lemma eval_at_zero_ring_hom: "ring_hom_ring A.L R eval_at_zero"
proof (rule ring_hom_ringI2[OF cring.axioms(1)[OF A.cring_localization] R.ring_axioms])
  show "eval_at_zero \<in> ring_hom A.L R"
  proof (rule ring_hom_memI)
    fix x y assume "x \<in> carrier A.L" "y \<in> carrier A.L"
    then obtain f s g t where h: "f \<in> carrier P" "s \<in> polyA R" "x = A.frac f s"
      "g \<in> carrier P" "t \<in> polyA R" "y = A.frac g t" by (metis A.localization_cases)
    then have c: "s \<in> carrier P" "t \<in> carrier P" "up_ring.coeff P s 0 = \<one>" "up_ring.coeff P t 0 = \<one>"
      by (simp_all add: mem_polyA_iff)
    show "eval_at_zero (x \<otimes>\<^bsub>A.L\<^esub> y) = eval_at_zero x \<otimes> eval_at_zero y"
      using h c A.mult_mem by (simp add: A.frac_mult eval_at_zero_frac coeff_mult_0 del: coeff_mult)
    show "eval_at_zero (x \<oplus>\<^bsub>A.L\<^esub> y) = eval_at_zero x \<oplus> eval_at_zero y"
      using h c A.mult_mem by (simp add: A.frac_add eval_at_zero_frac coeff_mult_0 del: coeff_mult)
  next
    fix x assume "x \<in> carrier A.L"
    then show "eval_at_zero x \<in> carrier R" by (metis A.localization_cases eval_at_zero_frac coeff_closed)
  next
    show "eval_at_zero \<one>\<^bsub>A.L\<^esub> = \<one>" using A.one_mem by (simp add: A.localization_simps eval_at_zero_frac)
  qed
qed

lemma eval_at_zero_surjective: "eval_at_zero ` carrier A.L = carrier R"
proof (intro equalityI subsetI)
  fix a assume "a \<in> carrier R"
  then have "eval_at_zero (A.frac (up_ring.monom P a 0) \<one>\<^bsub>P\<^esub>) = a"
    using A.one_mem by (simp add: eval_at_zero_frac)
  moreover have "A.frac (up_ring.monom P a 0) \<one>\<^bsub>P\<^esub> \<in> carrier A.L"
    using \<open>a \<in> carrier R\<close> A.one_mem by (simp add: A.frac_closed)
  ultimately show "a \<in> eval_at_zero ` carrier A.L" by (metis image_eqI)
qed (use ring_hom_closed[OF ring_hom_ring.homh[OF eval_at_zero_ring_hom]] in blast)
+ + + + + + +
WHAT IS EXPECTED:
The entries above are to be restated word for word.

YOUR SOLUTION:
lemma eval_at_zero_ring_hom: "ring_hom_ring A.L R eval_at_zero"
proof (rule ring_hom_ringI2[OF cring.axioms(1)[OF A.cring_localization] R.ring_axioms])
  show "eval_at_zero \<in> ring_hom A.L R"
  proof (rule ring_hom_memI)
    fix x y assume "x \<in> carrier A.L" "y \<in> carrier A.L"
    then obtain f s g t where h: "f \<in> carrier P" "s \<in> polyA R" "x = A.frac f s"
      "g \<in> carrier P" "t \<in> polyA R" "y = A.frac g t" by (metis A.localization_cases)
    then have c: "s \<in> carrier P" "t \<in> carrier P" "up_ring.coeff P s 0 = \<one>" "up_ring.coeff P t 0 = \<one>"
      by (simp_all add: mem_polyA_iff)
    show "eval_at_zero (x \<otimes>\<^bsub>A.L\<^esub> y) = eval_at_zero x \<otimes> eval_at_zero y"
      using h c A.mult_mem by (simp add: A.frac_mult eval_at_zero_frac coeff_mult_0 del: coeff_mult)
    show "eval_at_zero (x \<oplus>\<^bsub>A.L\<^esub> y) = eval_at_zero x \<oplus> eval_at_zero y"
      using h c A.mult_mem by (simp add: A.frac_add eval_at_zero_frac coeff_mult_0 del: coeff_mult)
  next
    fix x assume "x \<in> carrier A.L"
    then show "eval_at_zero x \<in> carrier R" by (metis A.localization_cases eval_at_zero_frac coeff_closed)
  next
    show "eval_at_zero \<one>\<^bsub>A.L\<^esub> = \<one>" using A.one_mem by (simp add: A.localization_simps eval_at_zero_frac)
  qed
qed

lemma eval_at_zero_surjective: "eval_at_zero ` carrier A.L = carrier R"
proof (intro equalityI subsetI)
  fix a assume "a \<in> carrier R"
  then have "eval_at_zero (A.frac (up_ring.monom P a 0) \<one>\<^bsub>P\<^esub>) = a"
    using A.one_mem by (simp add: eval_at_zero_frac)
  moreover have "A.frac (up_ring.monom P a 0) \<one>\<^bsub>P\<^esub> \<in> carrier A.L"
    using \<open>a \<in> carrier R\<close> A.one_mem by (simp add: A.frac_closed)
  ultimately show "a \<in> eval_at_zero ` carrier A.L" by (metis image_eqI)
qed (use ring_hom_closed[OF ring_hom_ring.homh[OF eval_at_zero_ring_hom]] in blast)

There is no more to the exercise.